Science fiction novel by Ann Leckie

Ancillary Sword is a science fiction novel by the American writer Ann Leckie, published in October 2014. It is the second novel in Leckie's "Imperial Radch" space opera trilogy, which began with Ancillary Justice (2013) and ended with Ancillary Mercy (2015). The novel was generally well-received by critics, received the BSFA Award for Best Novel and the Locus Award for Best Science Fiction Novel, and was nominated for the Nebula and Hugo awards.

==Synopsis==
Anaander Mianaai, the Lord of the Radch – or the part of her personality that opposes the further militant expansion of the empire – adopts Breq into her house, appoints her Fleet Captain, puts her in command of the warship Mercy of Kalr, and charges her to protect the remote Athoek system.
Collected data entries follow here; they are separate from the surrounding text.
(* Let $X,Y$ be real normed linear spaces, $Z=X\oplus_\infty Y$ and $z=(x,y)\in Z\setminus\{\theta\}$. Then: (i) If $\|x\|>\|y\|$ and $x$ is $\varepsilon_x$-smooth for some $\varepsilon_x\in[0,2)$, then $z$ is $\varepsilon_x$-smooth. (ii) If $\|x\|<\|y\|$ and $y$ is $\varepsilon_y$-smooth for some $\varepsilon_y\in[0,2)$, then $z$ is $\varepsilon_y$-smooth. (iii) If $\|x\|=\|y\|$, then $z$ is not $\varepsilon$-smooth for any $\varepsilon\in[0,2)$.
   Context: $X\oplus_\infty Y$ is $X\times Y$ with norm $\max\{\|x\|,\|y\|\}$. For a normed space $W$ and $w\neq\theta$, $J(w)=\{\phi\in S_{W^*}:\phi(w)=\|w\|\}$, and $w$ is $\delta$-smooth if $\sup_{\phi,\psi\in J(w)}\|\phi-\psi\|\le\delta$; "approximately smooth" means $\delta$-smooth for some $\delta\in[0,2)$. *)

theory Defs
  imports "HOL-Analysis.Analysis"
begin

definition is_dual_functional :: "('v::real_vector \<Rightarrow> real) \<Rightarrow> ('v \<Rightarrow> real) \<Rightarrow> bool" where
  "is_dual_functional N f \<longleftrightarrow> linear f \<and> (\<exists>K. \<forall>v. \<bar>f v\<bar> \<le> K * N v)"

definition dual_norm :: "('v::real_vector \<Rightarrow> real) \<Rightarrow> ('v \<Rightarrow> real) \<Rightarrow> real" where
  "dual_norm N f = Sup {\<bar>f v\<bar> | v. N v \<le> 1}"

definition supp_functionals :: "('v::real_vector \<Rightarrow> real) \<Rightarrow> 'v \<Rightarrow> ('v \<Rightarrow> real) set" where
  "supp_functionals N w = {f. is_dual_functional N f \<and> dual_norm N f = 1 \<and> f w = N w}"

definition delta_smooth :: "('v::real_vector \<Rightarrow> real) \<Rightarrow> real \<Rightarrow> 'v \<Rightarrow> bool" where
  "delta_smooth N \<delta> w \<longleftrightarrow> w \<noteq> 0 \<and>
     (\<forall>f\<in>supp_functionals N w. \<forall>g\<in>supp_functionals N w. dual_norm N (\<lambda>v. f v - g v) \<le> \<delta>)"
Breq's crew includes her old comrade Seivarden and the young Lieutenant Tisarwat, who is revealed to be a hastily converted ancillary copy of Anaander herself. After Breq recognizes Tisarwat as an unwilling ancillary of Anaander, she has the ancillary's implants removed, allowing Tisarwat to develop a hybrid personality.

At Athoek Station, Breq seeks out Basnaaid, the sister of Awn, an officer that Breq as the ship Justice of Toren, once loved and, on Anaander's orders, killed. She meets Dlique, translator for the alien race the Presger. Dlique is killed in a scuffle with ancillaries of Sword of Atagaris – the other warship on station commanded by Captain Hetnys, Breq's nominal subordinate. To hopefully placate the powerful aliens, Breq and Hetnys enter formal mourning on the estate of Fosyf, a prominent tea planter who holds her workers, transportees from other Radch-conquered worlds, in conditions akin to serfdom.
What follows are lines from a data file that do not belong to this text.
(* For the Grover walk on $\mathbb{T}_\kappa$ ($\kappa\ge3$) started from $\Psi_0=\sum_j\varphi_j|e,\epsilon_j\rangle$, let $W_t$ denote its position at time $t$, i.e. $P(W_t=g)=\sum_{\epsilon\in\Sigma}|\langle g,\epsilon|U^t\Psi_0\rangle|^2$. If $\varphi=\varphi^{U}$ let $X_t$ be the walk on $\mathbb{Z}_+$ with wall defined below with $\gamma=0$, and if $\varphi=\varphi^{WU}$ let $X_t$ be that walk with $\gamma=\pi$. Then for all $t\ge0$ and all $x\in\mathbb{Z}_+$, $P(|W_t|=x)=P(X_t=x)$.
   Context: Fix $\kappa\ge3$. Let $\Sigma=\{\epsilon_0,\dots,\epsilon_{\kappa-1}\}$, $G$ the group generated by $\Sigma$ with relations $\epsilon_i^2=e$; the Cayley tree $\mathbb{T}_\kappa$ has vertices the reduced words in $G$ (root $e$), with $g\sim h$ iff $gh^{-1}\in\Sigma$; $|g|$ is the word length. The Grover walk acts on the Hilbert space with orthonormal basis $\{|g,\epsilon\rangle\}$ by $U|g,\epsilon\rangle=\sum_{\tau\in\Sigma}(-\delta_{\epsilon\tau}+2/\kappa)|\tau g,\tau\rangle$. Initial coin states: $\varphi^{U}$ with $\varphi_j=1/\sqrt\kappa$; $\varphi^{WU}$ with $\varphi_j=\omega_\kappa^{\,j}/\sqrt\kappa$, $\omega_\kappa=e^{2\pi i/\kappa}$. Walk with wall on $\mathbb{Z}_+=\{0,1,2,\dots\}$: let $a_\kappa=2\sqrt{\kappa-1}/\kappa$, $b_\kappa=1-2/\kappa$, $\gamma\in\mathbb{R}$. Consider the Hilbert space with orthonormal basis $\{|0,L\rangle\}\cup\{|x,L\rangle,|x,R\rangle: x\ge1\}$ and the unitary $\widetilde U$ given by $\widetilde U|0,L\rangle=e^{i\gamma}|1,R\rangle$ and, for $x\ge1$, $\widetilde U|x,L\rangle=a_\kappa|x-1,L\rangle+b_\kappa|x+1,R\rangle$, $\widetilde U|x,R\rangle=-b_\kappa|x-1,L\rangle+a_\kappa|x+1,R\rangle$. (Equivalently: coin $H_\kappa=\begin{bmatrix}a_\kappa&-b_\kappa\\ b_\kappa&a_\kappa\end{bmatrix}$ in the ordered basis $(|L\rangle,|R\rangle)$ at $x\ge1$, coin $e^{i\gamma}\begin{bmatrix}0&1\\1&0\end{bmatrix}$ at $x=0$, followed by the shift $|x,R\rangle\mapsto|x+1,R\rangle$, $|x,L\rangle\mapsto|x-1,L\rangle$.) With $\Phi_t=\widetilde U^t|0,L\rangle$, the random variable $X_t$ on $\mathbb{Z}_+$ has $P(X_t=0)=|\langle 0,L|\Phi_t\rangle|^2$ and $P(X_t=x)=|\langle x,L|\Phi_t\rangle|^2+|\langle x,R|\Phi_t\rangle|^2$ for $x\ge1$. *)

theory Defs
  imports Complex_Main
begin

text \<open>Vertices of T_kappa: reduced words over the letters 0..kappa-1 (letter j stands for
  epsilon_j), i.e. lists with all letters < kappa and no two equal adjacent letters.
  The empty list is the root e.\<close>

fun reduced :: "nat list \<Rightarrow> bool" where
  "reduced [] = True"
| "reduced [a] = True"
| "reduced (a # b # w) = (a \<noteq> b \<and> reduced (b # w))"

definition tree_vertex :: "nat \<Rightarrow> nat list \<Rightarrow> bool" where
  "tree_vertex \<kappa> g \<longleftrightarrow> set g \<subseteq> {..<\<kappa>} \<and> reduced g"

fun lmul :: "nat \<Rightarrow> nat list \<Rightarrow> nat list" where
  "lmul \<tau> [] = [\<tau>]"
| "lmul \<tau> (a # w) = (if a = \<tau> then w else \<tau> # a # w)"

text \<open>States: amplitude functions psi(g, epsilon) = <g,epsilon|psi>.\<close>
type_synonym tree_state = "nat list \<times> nat \<Rightarrow> complex"

definition grover_coef :: "nat \<Rightarrow> nat \<Rightarrow> nat \<Rightarrow> complex" where
  "grover_coef \<kappa> \<epsilon> \<tau> = (if \<epsilon> = \<tau> then -1 else 0) + 2 / of_nat \<kappa>"

text \<open>U|g,eps> = sum_tau (-delta_{eps tau} + 2/kappa) |tau g, tau>; hence
  <h,tau|U psi> = sum_eps (-delta_{eps tau} + 2/kappa) <tau h, eps|psi>, since tau g = h iff g = tau h.\<close>
definition grover_step :: "nat \<Rightarrow> tree_state \<Rightarrow> tree_state" where
  "grover_step \<kappa> \<psi> = (\<lambda>(h, \<tau>).
     if tree_vertex \<kappa> h \<and> \<tau> < \<kappa>
     then (\<Sum>\<epsilon><\<kappa>. grover_coef \<kappa> \<epsilon> \<tau> * \<psi> (lmul \<tau> h, \<epsilon>))
     else 0)"

definition grover_init :: "nat \<Rightarrow> (nat \<Rightarrow> complex) \<Rightarrow> tree_state" where
  "grover_init \<kappa> \<phi> = (\<lambda>(g, \<epsilon>). if g = [] \<and> \<epsilon> < \<kappa> then \<phi> \<epsilon> else 0)"

definition grover_state :: "nat \<Rightarrow> (nat \<Rightarrow> complex) \<Rightarrow> nat \<Rightarrow> tree_state" where
  "grover_state \<kappa> \<phi> t = (grover_step \<kappa> ^^ t) (grover_init \<kappa> \<phi>)"

definition tree_dist_prob :: "nat \<Rightarrow> (nat \<Rightarrow> complex) \<Rightarrow> nat \<Rightarrow> nat \<Rightarrow> real" where
  "tree_dist_prob \<kappa> \<phi> t x =
     (\<Sum>g\<in>{g. tree_vertex \<kappa> g \<and> length g = x}.
        \<Sum>\<epsilon><\<kappa>. (cmod (grover_state \<kappa> \<phi> t (g, \<epsilon>)))\<^sup>2)"

definition phiU :: "nat \<Rightarrow> nat \<Rightarrow> complex" where
  "phiU \<kappa> j = 1 / of_real (sqrt (real \<kappa>))"

definition phiWU :: "nat \<Rightarrow> nat \<Rightarrow> complex" where
  "phiWU \<kappa> j = cis (2 * pi / real \<kappa>) ^ j / of_real (sqrt (real \<kappa>))"

text \<open>States: amplitude functions on nat \<times> bool; (x, False) = |x,L>, (x, True) = |x,R>.
  The basis vector |0,R> does not exist; its amplitude is kept at 0.\<close>
type_synonym line_state = "nat \<times> bool \<Rightarrow> complex"

definition a_k :: "nat \<Rightarrow> real" where "a_k \<kappa> = 2 * sqrt (real \<kappa> - 1) / real \<kappa>"
definition b_k :: "nat \<Rightarrow> real" where "b_k \<kappa> = 1 - 2 / real \<kappa>"

definition wall_step :: "nat \<Rightarrow> real \<Rightarrow> line_state \<Rightarrow> line_state" where
  "wall_step \<kappa> \<gamma> \<psi> = (\<lambda>(y, r).
     if \<not> r then of_real (a_k \<kappa>) * \<psi> (y + 1, False) - of_real (b_k \<kappa>) * \<psi> (y + 1, True)
     else if y = 0 then 0
     else if y = 1 then cis \<gamma> * \<psi> (0, False)
     else of_real (b_k \<kappa>) * \<psi> (y - 1, False) + of_real (a_k \<kappa>) * \<psi> (y - 1, True))"

definition wall_state :: "nat \<Rightarrow> real \<Rightarrow> nat \<Rightarrow> line_state" where
  "wall_state \<kappa> \<gamma> t = (wall_step \<kappa> \<gamma> ^^ t) (\<lambda>(y, r). if y = 0 \<and> \<not> r then 1 else 0)"

definition wall_prob :: "nat \<Rightarrow> real \<Rightarrow> nat \<Rightarrow> nat \<Rightarrow> real" where
  "wall_prob \<kappa> \<gamma> t x =
     (if x = 0 then (cmod (wall_state \<kappa> \<gamma> t (0, False)))\<^sup>2
      else (cmod (wall_state \<kappa> \<gamma> t (x, False)))\<^sup>2 + (cmod (wall_state \<kappa> \<gamma> t (x, True)))\<^sup>2)"

end

theory Submission imports Defs begin

(* The Grover walk on the tree started at the root with a coin vector phi is
   "radial": at every time its amplitudes are obtained from the amplitudes of the walk with a
   wall on Z_+ by an explicit lifting.  For a reduced word g of length n and a coin e, the
   amplitude <g,e|psi> is phi(last (e#g)) times
     W(n,R) / r^(n-1)   if e is the first letter of g (the arc pointing back to the root),
     W(n,L) / r^n       otherwise (an arc pointing away from the root),
   where W is the wall state and r = sqrt(kappa - 1).  The key lemma
   grover_step_lift_to_tree says that lifting intertwines one Grover step with one wall step,
   provided phi is an eigenvector of the Grover coin with eigenvalue e^{i gamma}; this holds for
   phiU with gamma = 0 and for phiWU with gamma = pi.  By induction the tree state at time t is
   the lift of the wall state at time t.  Finally, a sphere of radius n >= 1 has
   kappa (kappa-1)^(n-1) vertices and |phi j|^2 = 1/kappa, so summing the squared lifted
   amplitudes over the sphere gives back exactly the wall probabilities. *)

lemma tree_vertex_Cons:
  "tree_vertex k (a # w) \<longleftrightarrow> a < k \<and> tree_vertex k w \<and> (w = [] \<or> hd w \<noteq> a)"
  unfolding tree_vertex_def by (cases w) auto

lemma tree_vertex_lmul: "tree_vertex k h \<Longrightarrow> \<tau> < k \<Longrightarrow> tree_vertex k (lmul \<tau> h)"
  by (cases h) (auto simp: tree_vertex_Cons)

definition sphere :: "nat \<Rightarrow> nat \<Rightarrow> nat list set" where
  "sphere k n = {g. tree_vertex k g \<and> length g = n}"

lemma finite_sphere: "finite (sphere k n)"
  by (rule finite_subset[OF _ finite_lists_length_eq[OF finite_lessThan[of k], of n]])
     (auto simp: sphere_def tree_vertex_def)

lemma sphere_Suc_Suc:
  "sphere k (Suc (Suc n)) = (\<lambda>(g, a). a # g) ` Sigma (sphere k (Suc n)) (\<lambda>g. {..<k} - {hd g})"
proof (intro equalityI subsetI)
  fix g assume "g \<in> sphere k (Suc (Suc n))"
  then obtain a w where "g = a # w" "tree_vertex k (a # w)" "length w = Suc n"
    by (auto simp: sphere_def length_Suc_conv)
  then show "g \<in> (\<lambda>(g, a). a # g) ` Sigma (sphere k (Suc n)) (\<lambda>g. {..<k} - {hd g})"
    by (auto simp: sphere_def tree_vertex_Cons image_iff intro!: bexI[of _ "(w, a)"])
qed (auto simp: sphere_def tree_vertex_Cons)

lemma card_sphere_Suc: "card (sphere k (Suc n)) = k * (k - 1) ^ n"
proof (induction n)
  case 0
  have "sphere k (Suc 0) = (\<lambda>a. [a]) ` {..<k}"
    by (auto simp: sphere_def tree_vertex_def length_Suc_conv)
  then show ?case by (simp add: card_image inj_on_def)
next
  case (Suc n)
  have hd_less: "hd g < k" if "g \<in> sphere k (Suc n)" for g
    using that by (cases g) (auto simp: sphere_def tree_vertex_Cons)
  have "card (sphere k (Suc (Suc n))) = card (Sigma (sphere k (Suc n)) (\<lambda>g. {..<k} - {hd g}))"
    unfolding sphere_Suc_Suc by (rule card_image) (auto simp: inj_on_def)
  also have "\<dots> = (\<Sum>g\<in>sphere k (Suc n). card ({..<k} - {hd g}))"
    by (rule card_SigmaI) (auto simp: finite_sphere)
  also have "\<dots> = (\<Sum>g\<in>sphere k (Suc n). k - 1)"
    by (intro sum.cong) (auto simp: hd_less)
  also have "\<dots> = k * (k - 1) ^ Suc n" using Suc by simp
  finally show ?case .
qed

lemma sum_if_eq_const:
  fixes A B :: "'a::comm_ring_1"
  assumes "j < k"
  shows "(\<Sum>e<k. if e = j then A else B) = A + of_nat (k - 1) * B"
proof -
  have "(\<Sum>e<k. if e = j then A else B) = (\<Sum>e\<in>{..<k}-{j}. B) + A"
    using assms by (subst sum.remove[of _ j]) (auto intro!: sum.cong)
  then show ?thesis using assms by simp
qed

lemma grover_coef_sum:
  assumes "\<tau> < k"
  shows "(\<Sum>e<k. grover_coef k e \<tau> * f e) = - f \<tau> + 2 / of_nat k * (\<Sum>e<k. f e)"
proof -
  have "grover_coef k e \<tau> * f e = (if e = \<tau> then - f e else 0) + 2 / of_nat k * f e" for e
    unfolding grover_coef_def by (simp add: algebra_simps)
  then show ?thesis using assms by (simp add: sum.distrib sum_distrib_left)
qed

text \<open>The coin applied to a vector taking one value at a distinguished coin j and another
  value elsewhere; this is the shape of every lifted state seen from a vertex.\<close>
lemma grover_coef_sum_two_valued:
  fixes A B c :: complex
  assumes "\<tau> < k" "j < k"
  shows "(\<Sum>e<k. grover_coef k e \<tau> * (c * (if e = j then A else B))) =
    c * (- (if \<tau> = j then A else B) + 2 / of_nat k * (A + (of_nat k - 1) * B))"
proof -
  have factor: "- (c * X) + 2 / of_nat k * (c * Y) = c * (- X + 2 / of_nat k * Y)" for X Y :: complex
    by (simp add: algebra_simps)
  have "(\<Sum>e<k. c * (if e = j then A else B)) = c * (\<Sum>e<k. if e = j then A else B)"
    by (simp add: sum_distrib_left)
  also have "\<dots> = c * (A + (of_nat k - 1) * B)"
    using assms(2) by (simp add: sum_if_eq_const of_nat_diff)
  finally show ?thesis
    using grover_coef_sum[OF assms(1), where f = "\<lambda>e. c * (if e = j then A else B)"]
    by (simp only: factor)
qed

lemma phiU_coin_eigen:
  assumes "\<tau> < k"
  shows "(\<Sum>e<k. grover_coef k e \<tau> * phiU k e) = cis 0 * phiU k \<tau>"
proof -
  have "(\<Sum>e<k. phiU k e) = of_nat k * phiU k \<tau>" by (simp add: phiU_def)
  then show ?thesis using assms by (simp add: grover_coef_sum)
qed

lemma sum_roots_of_unity:
  assumes "k \<ge> 3"
  shows "(\<Sum>j<k. cis (2 * pi / real k) ^ j) = 0"
proof -
  have "cis (2 * pi / real k) ^ k = 1" using assms by (simp add: DeMoivre)
  moreover have "cis (2 * pi / real k) \<noteq> 1"
  proof
    assume "cis (2 * pi / real k) = 1"
    then have "sin (2 * pi / real k) = 0" by (metis cis.sel(2) one_complex.sel(2))
    moreover have "sin (2 * pi / real k) > 0"
      using assms by (intro sin_gt_zero) (auto simp: field_simps)
    ultimately show False by simp
  qed
  ultimately show ?thesis by (simp add: sum_gp_strict)
qed

lemma phiWU_coin_eigen:
  assumes "k \<ge> 3" "\<tau> < k"
  shows "(\<Sum>e<k. grover_coef k e \<tau> * phiWU k e) = cis pi * phiWU k \<tau>"
proof -
  have "(\<Sum>e<k. phiWU k e) = (\<Sum>j<k. cis (2 * pi / real k) ^ j) / of_real (sqrt (real k))"
    by (simp add: phiWU_def sum_divide_distrib)
  then have "(\<Sum>e<k. phiWU k e) = 0" using sum_roots_of_unity[OF assms(1)] by simp
  then show ?thesis using assms by (simp add: grover_coef_sum)
qed

lemma phiU_norm: "(cmod (phiU k j))\<^sup>2 = 1 / real k"
  by (simp add: phiU_def norm_divide power_divide)

lemma phiWU_norm: "(cmod (phiWU k j))\<^sup>2 = 1 / real k"
  by (simp add: phiWU_def norm_divide power_divide norm_power)

text \<open>r = sqrt(kappa - 1): each vertex other than the root has kappa - 1 children, so radial
  amplitudes decay by the factor 1/r per generation.\<close>
definition branch_root :: "nat \<Rightarrow> real" where
  "branch_root k = sqrt (real k - 1)"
After Breq survives an attempt on her life by Raughd, Fosyf's abusive heir, she suspects that somebody is abducting suspended transportees, possibly an ancient warship seeking to replenish its crew of ancillaries. Hetnys and her ship move against Breq, apparently serving the other half of Anaander Mianaai, but they are subdued after Breq holds Hetnys hostage.

==Reception==

===Critical reception===
Liz Bourke of Tor.com characterized Ancillary Sword as surpassing Leckie's debut novel, being more of a character-focused "extended meditation on power, and identity, and morality" than its predecessor, and exhibiting Leckie's broad and deep worldbuilding. But she considered that it fell "prey to a certain amount of Middle Book Problem", with a narrative that felt slower because it lacked the parallel past and present plotlines of the prequel. In io9, Annalee Newitz appreciated the novel as "a gripping read, with top-notch worldbuilding and a set of rich subtexts about human rights, colonialism – and (yes) hive mind sex", but noted the lack of a strong narrative thread, as well as Breq's "holier-than-thou facade" reducing the impression of ambivalence that characterizes a realistic character.
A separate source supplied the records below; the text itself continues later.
lemma evo_mult_add_left:
  assumes "x \<in> evo_alg" "y \<in> evo_alg"
  shows "evo_mult w (x + y) z = evo_mult w x z + evo_mult w y z"
proof
  fix k
  let ?F = "{j. x j \<noteq> 0} \<union> {j. y j \<noteq> 0}"
  have F: "finite ?F" using assms by (simp add: evo_alg_def)
  have "evo_mult w (x + y) z k = (\<Sum>j\<in>?F. (x + y) j * z j * w k j)"
    by (rule evo_mult_eq_sum[OF F]) auto
  also have "\<dots> = (\<Sum>j\<in>?F. x j * z j * w k j) + (\<Sum>j\<in>?F. y j * z j * w k j)"
    by (simp add: sum.distrib algebra_simps)
  also have "\<dots> = evo_mult w x z k + evo_mult w y z k"
    by (subst (1 2) evo_mult_eq_sum[OF F]) auto
  finally show "evo_mult w (x + y) z k = (evo_mult w x z + evo_mult w y z) k"
    by simp
qed

lemma evo_mult_scale_left:
  assumes "x \<in> evo_alg"
  shows "evo_mult w (\<lambda>k. c * x k) z = (\<lambda>k. c * evo_mult w x z k)"
proof
  fix k
  let ?F = "{j. x j \<noteq> 0}"
  have F: "finite ?F" using assms by (simp add: evo_alg_def)
  have "evo_mult w (\<lambda>k. c * x k) z k = (\<Sum>j\<in>?F. c * x j * z j * w k j)"
    by (rule evo_mult_eq_sum[OF F]) auto
  also have "\<dots> = c * (\<Sum>j\<in>?F. x j * z j * w k j)"
    by (simp add: sum_distrib_left mult.assoc)
  also have "\<dots> = c * evo_mult w x z k"
    by (subst evo_mult_eq_sum[OF F]) auto
  finally show "evo_mult w (\<lambda>k. c * x k) z k = c * evo_mult w x z k" .
qed

lemma evo_mult_basis_left: "evo_mult w (evo_basis i) y = (\<lambda>k. y i * w k i)"
proof
  fix k
  have "evo_mult w (evo_basis i) y k = (\<Sum>j\<in>{i}. evo_basis i j * y j * w k j)"
    by (rule evo_mult_eq_sum) (auto simp: evo_basis_def split: if_splits)
  then show "evo_mult w (evo_basis i) y k = y i * w k i" by simp
qed

lemma evo_mult_in_evo_alg:
  assumes "\<forall>j. finite {k. w k j \<noteq> 0}" and "x \<in> evo_alg"
  shows "evo_mult w x y \<in> evo_alg"
proof -
  let ?S = "\<Union>j\<in>{j. x j \<noteq> 0}. {k. w k j \<noteq> 0}"
  have "evo_mult w x y k = 0" if "k \<notin> ?S" for k
    using that unfolding evo_mult_def by (intro sum.neutral) auto
  then have "{k. evo_mult w x y k \<noteq> 0} \<subseteq> ?S" by blast
  moreover have "finite ?S" using assms by (simp add: evo_alg_def)
  ultimately show ?thesis unfolding evo_alg_def using finite_subset by blast
qed

context
  fixes w :: "'i \<Rightarrow> 'i \<Rightarrow> 'k::field" and M :: "('i \<Rightarrow> 'k) set"
  assumes ideal: "evo_ideal w M"
begin

lemma evo_ideal_subset: "M \<subseteq> evo_alg"
  and evo_ideal_zero: "0 \<in> M"
  and evo_ideal_add: "x \<in> M \<Longrightarrow> y \<in> M \<Longrightarrow> x + y \<in> M"
  and evo_ideal_scale: "x \<in> M \<Longrightarrow> (\<lambda>k. c * x k) \<in> M"
  and evo_ideal_mult_left: "a \<in> evo_alg \<Longrightarrow> x \<in> M \<Longrightarrow> evo_mult w a x \<in> M"
  and evo_ideal_mult_right: "a \<in> evo_alg \<Longrightarrow> x \<in> M \<Longrightarrow> evo_mult w x a \<in> M"
  using ideal by (simp_all add: evo_ideal_def)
Kirkus Reviews called the novel "something of a retread but still interesting". The reviewer appreciated the characterization of Breq as a former AI who feels "lonely and limited" in her human body rather than wanting to become human (a more common trope in science fiction), but noted the "groaningly obvious moral" in Leckie's portrayal of a highly stratified society. In The New York Times, N. K. Jemisin similarly focused on the "quintessentially inhuman" Breq's difficulty to understand other people as the novel's most powerful element, and as a challenge to sci-fi's tropes of "disabled people being made whole by technology, and (...) nonhumans inexplicably yearning for humanity".

NPR notes that "Ancillary Sword is, quite contentedly, a different beast" in comparison to its predecessor and says "Sword is more directly political than Justice". A reviewer for Canada's National Post called the all-female pronoun usage an "almost alienating trick" referring to the first book but yields to the usage by saying it "has become imperceptible by the end of Ancillary Sword". The Portsmouth Review appreciated the fusion of emotion with AI and said the series "dominates in the genre of artificial intelligence by fusing it with the perfect amount of human emotion".

===Awards===
Ancillary Sword received the 2014 BSFA Award for Best Novel and the 2015 Locus Award for Best Science Fiction Novel. It was also nominated for the 2014 Nebula Award for Best Novel and the 2015 Hugo Award for Best Novel.